Relying on predictive analytics without understanding its limitations can lead to a false level of confidence in predictions. This may mean organizations continue to ‘trust’ analysis beyond the point of reliability, taking longer to respond to changes in conditions. (It worked before; it should work now!)
Techniques such as PESTLE can provide an effective frame for exploring the limits of predictive analysis. By assessing the reliability of analysis under different scenarios, Business Data Analysts can understand and communicate limitations. The table below uses PESTLE to help identify some high-level scenarios to explore.
Political |
Change in government; Market intervention (think quantitative easing); Legislative changes; Change in political stability (think Arab Spring); Act of terrorism (think 9/11); War; |
Economic |
Interest rate change; Cost-of-living changes; Global trade and/or supply chain issues; Recession or economic shock; |
Social |
Health care or housing availability crisis; Social movement (think Me Too, Black Lives Matters); Mass migration (think Syrian Civil War); Epidemic/Pandemic; |
Technological |
ICT security incident (think ransomware); Disruptive technology (think Uber, Air BnB); Scientific discovery/scrutiny (think smoking and cancer); Severe defect/breakdown (think Boeing 737 MAX); |
Legal |
New regulations/de-regulation; Employee malpractice; Legal scrutiny; |
Environmental |
Infrastructure outage; Natural disaster; Man-made disaster; |
The technique can be used to identify more detailed scenarios that are applicable to a given organization. The idea is to think of a range of scenarios, from the probable to the seemingly improbable. Once identified, you can assess if analytical outputs are likely to be valid under each of the scenarios, thus identifying the ‘bounds’ within which the analysis can be applied. For example, you may deem that analytical outputs would continue to be reliable in the event of a democratic change of government, but not in the event of a military coup.
Once the limits of analysis are identified, steps can be taken to:
- Identify additional information sources that may be used to strengthen analysis
- Identify types of events that should trigger a review of analytical models, measures, and outputs
- Identify and mitigate any risks posed by the scenario
- Inform decision-makers of the limitations of the analysis so that it may be factored into decision-making.
Conclusion
Predictive analytics can provide useful insights to support decision-making. However, the conditions under which data is collected and analyzed naturally limit the situations under which insights should be applied. Understanding these limits can prevent analytical results from being relied on in circumstances outside of these bounds.
At the end, it’s better to have some understanding of what you don’t know than to think you know what you don’t.
*The author acknowledges the Whadjuk Noogar people, the traditional custodians of the Derbarl Yerrigan (or the Swan River), and pays her respects to elders’ past, present, and emerging.
References:
- Taleb, Nassim Nicholas, The Black Swan: The Impact of the Highly Improbable, Random House, 2007.
- Rosling H., Rosling O., Rosling Ronnlund A., Factfulness: Ten reasons we’re wrong about the world – and why things are better than you think, Flatiron Books, 2018.
- Henderson, Leah, The Problem of Induction, Stanford Encyclopedia of Philosophy, March 2028. (Last Accessed January 2022).

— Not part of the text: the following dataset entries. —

(* Let $(x_k)_{k\ge0}$ be real random variables satisfying $x_{k+1}=x_k+\alpha_k(-x_k+w_k)$ with step sizes $\alpha_k\in(0,1]$, and let $\mathcal F_k=\sigma(x_0,\dots,x_k)$. Assume that a.s. $\mathbb{E}[w_k\mid\mathcal F_k]=0$, $\mathbb{E}[w_k^2\mid\mathcal F_k]\le A_2$, $\mathbb{E}[|w_k|^3\mid\mathcal F_k]\le A_3$, $\mathbb{E}[w_k^4\mid\mathcal F_k]\le A_4$ for constants $A_2,A_3,A_4$. Then there exist constants $c,C'>0$ (independent of $k$) such that for all $k$, $$\mathbb{E}[x_{k+1}^4\mid\mathcal F_k]\le x_k^4-c\,\alpha_kx_k^4+C'\alpha_k^3 .$$ Consequently, if $\sum_k\alpha_k=\infty$ and $\sum_k\alpha_k^3<\infty$, then $x_k\to0$ almost surely. *)

theory Defs
  imports "HOL-Probability.Probability"
begin

definition nat_filtration :: "'a measure \<Rightarrow> (nat \<Rightarrow> 'a \<Rightarrow> real) \<Rightarrow> nat \<Rightarrow> 'a measure" where
  "nat_filtration M X k =
     sigma (space M) (\<Union>i\<in>{..k}. {X i -` B \<inter> space M | B. B \<in> sets borel})"

end

theory Submission
  imports Defs
begin

(* With y = (1 - a) x, expand (y + a w)^4. The term 4 a y^3 w has conditional mean zero, and the
   conditional moments of w bound the rest by y^4 + 6 a^2 y^2 A2 + 4 a^3 |y| A3 + a^4 A4; elementary
   inequalities absorb the middle terms into a x^4 / 2, giving the drift inequality
   E[x_{k+1}^4 | F_k] <= (1 - a_k/2) x_k^4 + C a_k^3.
   For convergence (a Robbins-Siegmund argument): if E[V_{k+1} | F_k] <= (1 - a_k) V_k + b_k with
   V >= 0 and sum b < oo, then V_k + sum_{j>=k} b_j is a nonnegative supermartingale, so Doob's maximal
   inequality bounds the probability that it ever exceeds c after time k by its expectation at k over c.
   Restricted to {V_0 <= r} these expectations are finite, and sum a = oo forces E[V_k] to be small
   for infinitely many k; hence V_k -> 0 almost surely. *)

lemma quartic_expansion_le:
  fixes y w a :: real
  assumes "0 \<le> a"
  shows "(y + a * w) ^ 4 \<le> y ^ 4 + 4 * a * y ^ 3 * w + 6 * a\<^sup>2 * y\<^sup>2 * w\<^sup>2 + 4 * a ^ 3 * \<bar>y\<bar> * \<bar>w\<bar> ^ 3 + a ^ 4 * w ^ 4"
proof -
  have "y * w ^ 3 \<le> \<bar>y\<bar> * \<bar>w\<bar> ^ 3"
    by (metis abs_ge_self abs_mult power_abs)
  then have "4 * a ^ 3 * (y * w ^ 3) \<le> 4 * a ^ 3 * (\<bar>y\<bar> * \<bar>w\<bar> ^ 3)"
    using assms by (intro mult_left_mono) auto
  moreover have "(y + a * w) ^ 4 = y ^ 4 + 4 * a * y ^ 3 * w + 6 * a\<^sup>2 * y\<^sup>2 * w\<^sup>2 + 4 * a ^ 3 * (y * w ^ 3) + a ^ 4 * w ^ 4"
    by algebra
  ultimately show ?thesis by (simp add: algebra_simps)
qed

lemma quadratic_term_le:
  fixes a x A :: real
  assumes "0 \<le> a"
  shows "6 * a\<^sup>2 * x\<^sup>2 * A \<le> a * x ^ 4 / 4 + 36 * A\<^sup>2 * a ^ 3"
proof -
  have "0 \<le> a * (x\<^sup>2 / 2 - 6 * A * a)\<^sup>2" using assms by simp
  then show ?thesis by (simp add: power2_eq_square power4_eq_xxxx power3_eq_cube algebra_simps)
qed

lemma linear_term_le:
  fixes a x A :: real
  assumes "0 \<le> a" "a \<le> 1" "0 \<le> A"
  shows "4 * a ^ 3 * \<bar>x\<bar> * A \<le> a * x ^ 4 / 4 + 4 * A * (1 + 16 * A) * a ^ 3"
proof (cases "\<bar>x\<bar> \<le> 1 + 16 * A")
  case True
  then have "4 * a ^ 3 * \<bar>x\<bar> * A \<le> 4 * a ^ 3 * (1 + 16 * A) * A"
    using assms by (intro mult_right_mono mult_left_mono) auto
  moreover have "0 \<le> a * x ^ 4" using assms by simp
  ultimately show ?thesis by (simp add: algebra_simps)
next
  case False
  then have "1 \<le> \<bar>x\<bar>" using assms by linarith
  then have "\<bar>x\<bar> \<le> \<bar>x\<bar> ^ 3" using power_increasing[of 1 3 "\<bar>x\<bar>"] by simp
  then have "16 * A \<le> \<bar>x\<bar> ^ 3" using False by linarith
  then have "4 * a ^ 3 * \<bar>x\<bar> * A \<le> a ^ 3 * \<bar>x\<bar> * \<bar>x\<bar> ^ 3 / 4"
    using assms mult_left_mono[of "16 * A" "\<bar>x\<bar> ^ 3" "a ^ 3 * \<bar>x\<bar>"] by simp
  also have "\<dots> = a ^ 3 * x ^ 4 / 4"
    by (simp add: abs_mult[symmetric] power4_eq_xxxx power3_eq_cube mult.assoc)
  also have "\<dots> \<le> a * x ^ 4 / 4"
    using power_decreasing[of 1 3 a] assms by (simp add: mult_right_mono)
  finally have "4 * a ^ 3 * \<bar>x\<bar> * A \<le> a * x ^ 4 / 4" .
  moreover have "0 \<le> 4 * A * (1 + 16 * A) * a ^ 3" using assms by simp
  ultimately show ?thesis by linarith
qed

(* The summand 1 only makes the constant positive. *)
definition quartic_drift_const :: "real \<Rightarrow> real \<Rightarrow> real \<Rightarrow> real" where
  "quartic_drift_const A\<^sub>2 A\<^sub>3 A\<^sub>4 = 36 * A\<^sub>2\<^sup>2 + 4 * A\<^sub>3 * (1 + 16 * A\<^sub>3) + A\<^sub>4 + 1"

lemma quartic_drift_const_pos:
  "0 \<le> A\<^sub>3 \<Longrightarrow> 0 \<le> A\<^sub>4 \<Longrightarrow> 0 < quartic_drift_const A\<^sub>2 A\<^sub>3 A\<^sub>4"
  unfolding quartic_drift_const_def by (simp add: add_nonneg_pos)

lemma quartic_moment_bound:
  fixes a x A\<^sub>2 A\<^sub>3 A\<^sub>4 :: real
  assumes "0 \<le> a" "a \<le> 1" "0 \<le> A\<^sub>2" "0 \<le> A\<^sub>3" "0 \<le> A\<^sub>4"
  defines "y \<equiv> (1 - a) * x"
  shows "y ^ 4 + 6 * a\<^sup>2 * y\<^sup>2 * A\<^sub>2 + 4 * a ^ 3 * \<bar>y\<bar> * A\<^sub>3 + a ^ 4 * A\<^sub>4
     \<le> (1 - a / 2) * x ^ 4 + quartic_drift_const A\<^sub>2 A\<^sub>3 A\<^sub>4 * a ^ 3"
proof -
  have y_abs: "\<bar>y\<bar> \<le> \<bar>x\<bar>"
    using assms by (auto simp: y_def abs_mult intro: mult_left_le_one_le)
  have "y ^ 4 \<le> (1 - a) * x ^ 4"
    using power_decreasing[of 1 4 "1 - a"] assms by (simp add: y_def power_mult_distrib mult_right_mono)
  moreover have "6 * a\<^sup>2 * y\<^sup>2 * A\<^sub>2 \<le> 6 * a\<^sup>2 * x\<^sup>2 * A\<^sub>2"
    using y_abs assms by (intro mult_right_mono mult_left_mono) (auto simp: abs_le_square_iff)
  moreover have "4 * a ^ 3 * \<bar>y\<bar> * A\<^sub>3 \<le> 4 * a ^ 3 * \<bar>x\<bar> * A\<^sub>3"
    using y_abs assms by (intro mult_right_mono mult_left_mono) auto
  moreover have "a ^ 4 * A\<^sub>4 \<le> a ^ 3 * A\<^sub>4"
    using power_decreasing[of 3 4 a] assms by (intro mult_right_mono) auto
  moreover note quadratic_term_le[of a x A\<^sub>2] linear_term_le[of a A\<^sub>3 x]
  ultimately have "y ^ 4 + 6 * a\<^sup>2 * y\<^sup>2 * A\<^sub>2 + 4 * a ^ 3 * \<bar>y\<bar> * A\<^sub>3 + a ^ 4 * A\<^sub>4
     \<le> (1 - a) * x ^ 4 + (a * x ^ 4 / 4 + 36 * A\<^sub>2\<^sup>2 * a ^ 3)
        + (a * x ^ 4 / 4 + 4 * A\<^sub>3 * (1 + 16 * A\<^sub>3) * a ^ 3) + a ^ 3 * A\<^sub>4"
    using assms by linarith
  also have "\<dots> \<le> (1 - a / 2) * x ^ 4 + quartic_drift_const A\<^sub>2 A\<^sub>3 A\<^sub>4 * a ^ 3"
    using assms unfolding quartic_drift_const_def by (simp add: algebra_simps)
  finally show ?thesis .
qed

lemma space_nat_filtration [simp]: "space (nat_filtration M X k) = space M"
  unfolding nat_filtration_def by (rule space_measure_of) auto

lemma sets_nat_filtration:
  "sets (nat_filtration M X k) = sigma_sets (space M) (\<Union>i\<in>{..k}. {X i -` B \<inter> space M | B. B \<in> sets borel})"
  unfolding nat_filtration_def by (rule sets_measure_of) auto

lemma subalgebra_nat_filtration:
  assumes "\<And>i. X i \<in> borel_measurable M"
  shows "subalgebra M (nat_filtration M X k)"
  unfolding subalgebra_def sets_nat_filtration
  by (auto intro!: sets.sigma_sets_subset intro: measurable_sets[OF assms])

lemma sets_nat_filtration_mono:
  "j \<le> k \<Longrightarrow> sets (nat_filtration M X j) \<subseteq> sets (nat_filtration M X k)"
  unfolding sets_nat_filtration by (rule sigma_sets_mono') fastforce

lemma measurable_nat_filtration:
  assumes "i \<le> k"
  shows "X i \<in> borel_measurable (nat_filtration M X k)"
proof (rule measurableI)
  fix B :: "real set" assume "B \<in> sets borel"
  then show "X i -` B \<inter> space (nat_filtration M X k) \<in> sets (nat_filtration M X k)"
    using assms unfolding sets_nat_filtration by auto
qed auto

context sigma_finite_subalgebra
begin

lemma nn_cond_exp_mult_add:
  assumes [measurable]: "c \<in> borel_measurable F" "f \<in> borel_measurable M" "g \<in> borel_measurable M"
  shows "AE \<omega> in M. nn_cond_exp M F (\<lambda>\<omega>. c \<omega> * f \<omega> + g \<omega>) \<omega> = c \<omega> * nn_cond_exp M F f \<omega> + nn_cond_exp M F g \<omega>"
proof -
  have [measurable]: "c \<in> borel_measurable M" by (rule measurable_from_subalg[OF subalg]) simp
  have "AE \<omega> in M. nn_cond_exp M F (\<lambda>\<omega>. c \<omega> * f \<omega>) \<omega> + nn_cond_exp M F g \<omega>
      = nn_cond_exp M F (\<lambda>\<omega>. c \<omega> * f \<omega> + g \<omega>) \<omega>"
    by (rule nn_cond_exp_sum) measurable
  moreover have "AE \<omega> in M. c \<omega> * nn_cond_exp M F f \<omega> = nn_cond_exp M F (\<lambda>\<omega>. c \<omega> * f \<omega>) \<omega>"
    by (rule nn_cond_exp_prod) measurable
  ultimately show ?thesis by eventually_elim simp
qed

lemma nn_cond_exp_const:
  "AE \<omega> in M. nn_cond_exp M F (\<lambda>_. c) \<omega> = c"
  using nn_cond_exp_F_meas[of "\<lambda>_. c"] by auto

lemma nn_cond_exp_pos_part_eq_neg_part:
  fixes W :: "'a \<Rightarrow> real"
  assumes [measurable]: "W \<in> borel_measurable M"
    and centred: "AE \<omega> in M. real_cond_exp M F W \<omega> = 0"
    and square: "AE \<omega> in M. nn_cond_exp M F (\<lambda>\<omega>. ennreal ((W \<omega>)\<^sup>2)) \<omega> < \<top>"
  shows "AE \<omega> in M. nn_cond_exp M F (\<lambda>\<omega>. ennreal (W \<omega>)) \<omega> = nn_cond_exp M F (\<lambda>\<omega>. ennreal (- W \<omega>)) \<omega>
     \<and> nn_cond_exp M F (\<lambda>\<omega>. ennreal (W \<omega>)) \<omega> < \<top>"
proof -
  have le_one_plus_square: "ennreal s \<le> 1 + ennreal (s\<^sup>2)" "ennreal (- s) \<le> 1 + ennreal (s\<^sup>2)" for s :: real
  proof -
    have "\<bar>s\<bar> \<le> 1 + s\<^sup>2"
      using sum_squares_ge_zero[of "\<bar>s\<bar> - 1/2" 0] by (simp add: power2_eq_square algebra_simps)
    then have "ennreal \<bar>s\<bar> \<le> 1 + ennreal (s\<^sup>2)"
      using ennreal_leI[of "\<bar>s\<bar>" "1 + s\<^sup>2"] by simp
    moreover have "ennreal s \<le> ennreal \<bar>s\<bar>" "ennreal (- s) \<le> ennreal \<bar>s\<bar>"
      by (simp_all add: ennreal_leI)
    ultimately show "ennreal s \<le> 1 + ennreal (s\<^sup>2)" "ennreal (- s) \<le> 1 + ennreal (s\<^sup>2)"
      by (meson order_trans)+
  qed
  have "AE \<omega> in M. nn_cond_exp M F (\<lambda>_. 1) \<omega> + nn_cond_exp M F (\<lambda>\<omega>. ennreal ((W \<omega>)\<^sup>2)) \<omega>
      = nn_cond_exp M F (\<lambda>\<omega>. 1 + ennreal ((W \<omega>)\<^sup>2)) \<omega>"
    by (rule nn_cond_exp_sum) measurable
  with nn_cond_exp_const[of 1] have sum: "AE \<omega> in M.
      nn_cond_exp M F (\<lambda>\<omega>. 1 + ennreal ((W \<omega>)\<^sup>2)) \<omega> = 1 + nn_cond_exp M F (\<lambda>\<omega>. ennreal ((W \<omega>)\<^sup>2)) \<omega>"
    by eventually_elim simp
  have pos: "AE \<omega> in M. nn_cond_exp M F (\<lambda>\<omega>. ennreal (W \<omega>)) \<omega> \<le> nn_cond_exp M F (\<lambda>\<omega>. 1 + ennreal ((W \<omega>)\<^sup>2)) \<omega>"
    by (rule nn_cond_exp_mono) (simp_all add: le_one_plus_square)
  have neg: "AE \<omega> in M. nn_cond_exp M F (\<lambda>\<omega>. ennreal (- W \<omega>)) \<omega> \<le> nn_cond_exp M F (\<lambda>\<omega>. 1 + ennreal ((W \<omega>)\<^sup>2)) \<omega>"
    by (rule nn_cond_exp_mono) (simp_all add: le_one_plus_square)
  show ?thesis
    using sum pos neg centred square
  proof eventually_elim
    case (elim \<omega>)
    then have "nn_cond_exp M F (\<lambda>\<omega>. 1 + ennreal ((W \<omega>)\<^sup>2)) \<omega> < \<top>"
      by simp
    then have "nn_cond_exp M F (\<lambda>\<omega>. ennreal (W \<omega>)) \<omega> < \<top>" "nn_cond_exp M F (\<lambda>\<omega>. ennreal (- W \<omega>)) \<omega> < \<top>"
      using elim(2,3) by (meson order_le_less_trans)+
    moreover have "enn2real (nn_cond_exp M F (\<lambda>\<omega>. ennreal (W \<omega>)) \<omega>) = enn2real (nn_cond_exp M F (\<lambda>\<omega>. ennreal (- W \<omega>)) \<omega>)"
      using elim(4) unfolding real_cond_exp_def by simp
    ultimately show ?case by (metis ennreal_enn2real less_top)
  qed
qed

- Lovelock, Christina, The Power of Scenario Planning, BA Times, July 2020. (Last Accessed January 2022).
- Operating Framework for Managing the Response to Pandemic Influenza, NHS England, (Last Accessed January 2022).
- The economic impact of Severe Acute Respiratory Syndrome (SARS), The Australian Government Treasury, 2007. (Last Accessed January 2022).
- Smith, Keogh-Brown, Barnett, Tait,The economy-wide impact of pandemic influenza on the UK: a computable general equilibrium modelling experiment, The BMJ, 2009. (Last Accessed January 2022).